HL Deb 20 July 1897 vol 51 cc513-4
*THE SECRETARY FOR SCOTLAND (Lord BALFOUR)

in moving the Second Reading of this Bill, said the Bill had passed through the House of Commons without any serious opposition. The circumstances under which it was proposed to Parliament by the Board of Trade were these. During the Session of 1895 a Select Committee of the other House was appointed to inquire whether any, and, if so, what, changes in the present system of weights and measures should be adopted. The Committee practically confined their attention to the consideration of the metric system, and they agreed to these three recommendations—(1) that the metric system of weights and measures be at once legalised for all purposes; (2) that after a lapse of two years the system be rendered compulsory by Act of Parliament; and (3) that the system be taught in all public elementary schools as a necessary and integral part of arithmetic. The last recommendation could, if thought expedient, be carried into effect without legislation. But past experience did not encourage them to go in that direction, because when his predecessor at the Scottish Office attempted to introduce the system into Scottish schools, he was met with so much opposition that the provision in the Code had to be withdrawn. The Government were not prepared to adopt the second recommendation—that after two years the system be made, compulsory. The Bill carried out the first of the recommendations of the Select Committee, and the evidence taken by the Select Committee clearly proved that t here was a genuine demand among some of the large trades in some of the important commercial centres of the country for the legalisation of the system, and from the reports of some of our Consuls abroad it seemed to be of considerable importance that the system should be adopted, and to be shown that if adopted it would prove of material benefit to British trade. The Government did not intend to make the system compulsory, and there did not seem to be any real demand for it among retail traders or any necessity for making it compulsory at present. An attempt to go in advance of public opinion in a matter of the kind would be sure to excite opposition and put retail traders to much expense.
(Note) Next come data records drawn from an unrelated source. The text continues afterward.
lemma L2_coeff_recurrence:
  fixes p g :: ser2 and k i :: nat
  assumes "L2 n (p, \<lambda>k i. 0, g) = lzero"
  shows "of_nat (Suc i) ^ n * g k (Suc i) = falling_fact n (of_nat k - of_nat (n * i)) * g k i
           + falling_fact_deriv n (of_nat k - of_nat (n * i)) * p k i"
proof -
  let ?y = "of_nat k - of_nat (n * i) :: complex" and ?x = "of_nat (n * i) - of_nat k :: complex"
  have falling: "falling_fact n ?y = (-1) ^ n * pochhammer ?x n"
    "falling_fact_deriv n ?y = - ((-1) ^ n * pochhammer_deriv ?x n)"
    by (simp_all add: falling_fact_conv_pochhammer)
  have "snd (snd (L2 n (p, \<lambda>k i. 0, g))) k (Suc i) = 0"
    using assms by (simp add: lzero_def)
  then show ?thesis
    unfolding falling
    by (simp add: L2_def prodop_log_free th2_iterate_log_free ladd_def lscale_def mulz2_def
        shift2_def algebra_simps del: of_nat_Suc)
qed

lemma L1_coeff_recurrence:
  fixes p g :: ser2
  assumes "L1 n a0 a1 a2 (p, \<lambda>k i. 0, g) = lzero"
  shows "of_nat (Suc k) ^ 2 * g (Suc k) 0 + 2 * of_nat (Suc k) * p (Suc k) 0
     = a0 * ((2 * of_nat k + a1 + a2) * p k 0 + (of_nat k + a1) * (of_nat k + a2) * g k 0)"
proof -
  have "snd (snd (L1 n a0 a1 a2 (p, \<lambda>k i. 0, g))) (Suc k) 0 = 0"
    using assms by (simp add: lzero_def)
  then show ?thesis
    by (simp add: L1_def ladd_def lscale_def th1_def th2_def mulz1_def shift1_def algebra_simps
        power2_eq_square)
qed

lemma recurrence_unique:
  fixes x y :: "nat \<Rightarrow> 'a::idom"
  assumes "\<And>k. c k * x (Suc k) = f k (x k)" and "\<And>k. c k * y (Suc k) = f k (y k)"
    and "\<And>k. c k \<noteq> 0" and "x 0 = y 0"
  shows "x k = y k"
proof (induction k)
  case 0
  show ?case by (fact assms(4))
next
  case (Suc k)
  then have "c k * x (Suc k) = c k * y (Suc k)"
    using assms(1,2) by simp
  with assms(3) show ?case by simp
qed

lemma column_zero_coeffs:
  fixes P H :: ser2
  assumes "L1 n a0 a1 a2 (\<lambda>k i. 0, \<lambda>k i. 0, P) = lzero" and "L1 n a0 a1 a2 (P, \<lambda>k i. 0, H) = lzero"
    and "P 0 0 = 1"
  shows "P k 0 = Fser a0 a1 a2 $ k" and "H k 0 = Gser a0 a1 a2 $ k + H 0 0 * Fser a0 a1 a2 $ k"
proof -
  let ?F = "\<lambda>k. Fser a0 a1 a2 $ k" and ?G = "\<lambda>k. Gser a0 a1 a2 $ k"
  have sq: "of_nat (Suc k) ^ 2 \<noteq> (0 :: complex)" for k
    by (simp del: of_nat_Suc)
  have P: "P k 0 = ?F k" for k
  proof (rule recurrence_unique[where c = "\<lambda>k. of_nat (Suc k) ^ 2"])
    show "of_nat (Suc k) ^ 2 * P (Suc k) 0 = a0 * (of_nat k + a1) * (of_nat k + a2) * P k 0" for k
      using L1_coeff_recurrence[OF assms(1), of k] by simp
  qed (use sq Fser_Suc assms(3) in \<open>simp_all add: Fser_def\<close>)
  then show "P k 0 = ?F k" .
  show "H k 0 = ?G k + H 0 0 * ?F k"
  proof (rule recurrence_unique[where c = "\<lambda>k. of_nat (Suc k) ^ 2"])
    show "of_nat (Suc k) ^ 2 * H (Suc k) 0 = a0 * ((2 * of_nat k + a1 + a2) * ?F k
        + (of_nat k + a1) * (of_nat k + a2) * H k 0) - 2 * of_nat (Suc k) * ?F (Suc k)" for k
      using L1_coeff_recurrence[OF assms(2), of k] P by (simp add: algebra_simps)
    show "of_nat (Suc k) ^ 2 * (?G (Suc k) + H 0 0 * ?F (Suc k)) = a0 * ((2 * of_nat k + a1 + a2) * ?F k
        + (of_nat k + a1) * (of_nat k + a2) * (?G k + H 0 0 * ?F k)) - 2 * of_nat (Suc k) * ?F (Suc k)" for k
      using Gser_Suc[of k] Fser_Suc[of k] by (simp add: algebra_simps)
  qed (use sq in \<open>simp_all add: Fser_def Gser_def\<close>)
qed

lemma column_coeffs:
  fixes P H :: ser2
  assumes L1P: "L1 n a0 a1 a2 (\<lambda>k i. 0, \<lambda>k i. 0, P) = lzero"
    and L2P: "L2 n (\<lambda>k i. 0, \<lambda>k i. 0, P) = lzero"
    and L1H: "L1 n a0 a1 a2 (P, \<lambda>k i. 0, H) = lzero"
    and L2H: "L2 n (P, \<lambda>k i. 0, H) = lzero"
    and "P 0 0 = 1"
  shows "\<exists>c c'. \<forall>k.
     P k i = c * (falling_fact (n * i) (of_nat k) * Fser a0 a1 a2 $ k)
   \<and> H k i = c * (falling_fact (n * i) (of_nat k) * Gser a0 a1 a2 $ k
       + falling_fact_deriv (n * i) (of_nat k) * Fser a0 a1 a2 $ k) + c' * P k i"
proof (induction i)
  case 0
  define h where "h = H 0 0"
  have "P k 0 = Fser a0 a1 a2 $ k" "H k 0 = Gser a0 a1 a2 $ k + h * Fser a0 a1 a2 $ k" for k
    unfolding h_def by (fact column_zero_coeffs[OF L1P L1H \<open>P 0 0 = 1\<close>])+
  then show ?case by (intro exI[of _ 1] exI[of _ h]) simp
next
  case (Suc i)
  then obtain c c' where
    P: "\<And>k. P k i = c * (falling_fact (n * i) (of_nat k) * Fser a0 a1 a2 $ k)" and
    H: "\<And>k. H k i = c * (falling_fact (n * i) (of_nat k) * Gser a0 a1 a2 $ k
          + falling_fact_deriv (n * i) (of_nat k) * Fser a0 a1 a2 $ k) + c' * P k i"
    by blast
  define D :: complex where "D = of_nat (Suc i) ^ n"
  have "D \<noteq> 0" by (simp add: D_def del: of_nat_Suc)
  have "P k (Suc i) = c / D * (falling_fact (n * Suc i) (of_nat k) * Fser a0 a1 a2 $ k)
    \<and> H k (Suc i) = c / D * (falling_fact (n * Suc i) (of_nat k) * Gser a0 a1 a2 $ k
          + falling_fact_deriv (n * Suc i) (of_nat k) * Fser a0 a1 a2 $ k) + c' * P k (Suc i)" for k
  proof -
    let ?y = "of_nat k - of_nat (n * i) :: complex"
    have shift:
      "falling_fact (n * Suc i) (of_nat k :: complex) = falling_fact (n * i) (of_nat k) * falling_fact n ?y"
      "falling_fact_deriv (n * Suc i) (of_nat k :: complex) =
         falling_fact_deriv (n * i) (of_nat k) * falling_fact n ?y
         + falling_fact (n * i) (of_nat k) * falling_fact_deriv n ?y"
      using falling_fact_add[of "n * i" n "of_nat k"] by (simp_all add: add.commute)
    have DP: "D * P k (Suc i) = c * (falling_fact (n * Suc i) (of_nat k) * Fser a0 a1 a2 $ k)"
      using L2_coeff_recurrence[OF L2P, where k = k and i = i] unfolding D_def[symmetric] P shift
      by (simp add: ac_simps)
    have "D * H k (Suc i) = c * (falling_fact (n * Suc i) (of_nat k) * Gser a0 a1 a2 $ k
          + falling_fact_deriv (n * Suc i) (of_nat k) * Fser a0 a1 a2 $ k) + c' * (D * P k (Suc i))"
      using L2_coeff_recurrence[OF L2H, where k = k and i = i]
        L2_coeff_recurrence[OF L2P, where k = k and i = i]
      unfolding D_def[symmetric] H P shift by (simp add: algebra_simps)
    with DP \<open>D \<noteq> 0\<close> show ?thesis
      by (simp add: field_simps)
  qed
  then show ?case by blast
qed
Under these circumstances it had been thought right to confine the present Bill to simply legalising the system for those who required it without going further just new.

LORD COLCHESTER

said that as one of the survivors of the old Standard Commission which reported in 1870, he was glad to find embodied in this Bill one of the principal recommendations of of that Commission. Even in 1870 the legalisation of the metric system was deemed advisable by the Commission, which went very deeply into the whole subject. The Government were right in not attempting to do more at the present time than to render the metric system legal in this country.

Read 2a (according to Order), and committed to a Committee of the whole House on Thursday next.